3-(TRIFLUOROMETHOXY)BENZAMIDE, with the chemical name 3-(Trifluoromethoxy)benzamide and CAS number 658-91-3, is a synthetic compound that possesses a range of biological activities. It is characterized by the presence of a trifluoromethoxy group attached to a benzene ring, which is connected to an amide functional group. This unique structure endows it with potential applications in various fields, particularly in the pharmaceutical and medical industries.

Uses

Used in Pharmaceutical Industry:
3-(TRIFLUOROMETHOXY)BENZAMIDE is used as a therapeutic agent for the treatment of protozoal infections. It targets the protozoan parasites responsible for causing diseases such as malaria, toxoplasmosis, and leishmaniasis, thereby helping to alleviate the symptoms and prevent the progression of these infections.
3-(TRIFLUOROMETHOXY)BENZAMIDE is also used as a treatment for c-Kitand c-Fms-mediated diseases. It acts by inhibiting the activity of the c-Kit and c-Fms receptor tyrosine kinases, which are involved in various cellular processes, including cell growth, differentiation, and survival. By targeting these receptors, 3-(TRIFLUOROMETHOXY)BENZAMIDE can help in the management of diseases associated with abnormal c-Kit and c-Fms signaling, such as certain types of cancer and autoimmune disorders.
Used in Antibacterial Applications:
3-(TRIFLUOROMETHOXY)BENZAMIDE exhibits antibacterial properties by inhibiting the bacterial cell division protein FtsZ. FtsZ is a crucial protein involved in the formation of the septum that divides the bacterial cell during cell division. By targeting FtsZ, 3-(TRIFLUOROMETHOXY)BENZAMIDE can effectively disrupt the bacterial cell division process, leading to the inhibition of bacterial growth and ultimately killing the bacteria. This makes it a potential candidate for the development of new antibiotics to combat drug-resistant bacterial strains.

InChI:InChI=1/C8H6F3NO2/c9-8(10,11)14-6-3-1-2-5(4-6)7(12)13/h1-4H,(H2,12,13)

Upstream product

• 86270-03-3 3-(trifluoromethoxy)benzoyl chloride 
• 55-21-0 benzamide 
• 927-84-4 bis(trifluoromethyl)peroxide 

Relevant articles and documents

Radical C?H Trifluoromethoxylation of (Hetero)arenes with Bis(trifluoromethyl)peroxide

Trifluoromethoxylated (hetero)arenes are of great interest for several disciplines, especially in agro- and medicinal chemistry.
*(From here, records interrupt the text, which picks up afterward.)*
(* Let $n\ge1$, $q\in\mathbb{C}$ with $0<|q|<1$, and $0<r<\frac{1-|q|}{|1-q|}$. Then $$\sum_{\sigma\in\mathbb{S}_n}\Big(\frac{1}{2\pi i}\Big)^n\oint_{\mathcal{C}_r}\cdots\oint_{\mathcal{C}_r}A_\sigma\prod_{i=1}^n z_i^{-1}\,dz_1\cdots dz_n=[n]_q!.$$
   Context: $\mathcal{C}_r$ is the positively oriented circle of radius $r$ centered at $0$. $[k]_q=1+q+\cdots+q^{k-1}$, $[n]_q!=[1]_q[2]_q\cdots[n]_q$. For $1\le\alpha<\beta\le n$ put $S_{\beta\alpha}=S_{\beta\alpha}(z_\alpha,z_\beta)=-\dfrac{z_\beta-qz_\alpha-(1-q)z_\alpha z_\beta}{z_\alpha-qz_\beta-(1-q)z_\alpha z_\beta}$. An inversion of $\sigma\in\mathbb{S}_n$ is a pair $(\alpha,\beta)$ with $1\le\alpha<\beta\le n$ and $\sigma^{-1}(\beta)<\sigma^{-1}(\alpha)$ (i.e. $\beta$ appears before $\alpha$ in the word $\sigma(1)\sigma(2)\cdots\sigma(n)$). $A_\sigma=\prod_{(\alpha,\beta)\text{ inversion of }\sigma}S_{\beta\alpha}$ (so $A_{\mathrm{Id}}=1$). *)

theory Defs
  imports "HOL-Analysis.Analysis" "HOL-Combinatorics.Permutations"
begin

text \<open>(1/(2 pi i)) is not included here: circle_integral r f is the contour integral
  of f over the positively oriented circle of radius r centred at 0, parametrised by
  t \<mapsto> r e^{it}, t in [0, 2 pi]: integral of f(gamma t) * gamma'(t).\<close>
definition circle_integral :: "real \<Rightarrow> (complex \<Rightarrow> complex) \<Rightarrow> complex" where
  "circle_integral r f =
     integral {0..2*pi} (\<lambda>t. f (of_real r * exp (\<i> * of_real t)) * (\<i> * of_real r * exp (\<i> * of_real t)))"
Radical C?H trifluoromethoxylation of (hetero)arenes represents an attractive approach to prepare such compounds, but the high cost and low atom economy of existing .OCF3 radical sources make them unsuitable for the large-scale synthesis of trifluoromethoxylated building blocks. Herein, we introduce bis(trifluoromethyl)peroxide (BTMP, CF3OOCF3) as a practical and efficient trifluoromethoxylating reagent that is easily accessible from inexpensive bulk chemicals. Using either visible light photoredox or TEMPO catalysis, trifluoromethoxylated arenes could be prepared in good yields under mild conditions directly from unactivated aromatics. Moreover, TEMPO catalysis allowed for the one-step synthesis of valuable pyridine derivatives, which have been previously prepared via multi-step approaches.

Radical Trifluoromethoxylation of Arenes Triggered by a Visible-Light-Mediated N?O Bond Redox Fragmentation

A simple trifluoromethoxylation method enables non-directed functionalization of C?H bonds on a range of substrates, providing access to aryl trifluoromethyl ethers. This light-driven process is distinctly different from conventional procedures and occurs through an OCF3 radical mechanism mediated by a photoredox catalyst, which triggers an N?O bond fragmentation. The pyridinium-based trifluoromethoxylation reagent is bench-stable and provides access to synthetic diversity in lead compounds in an operationally simple manner.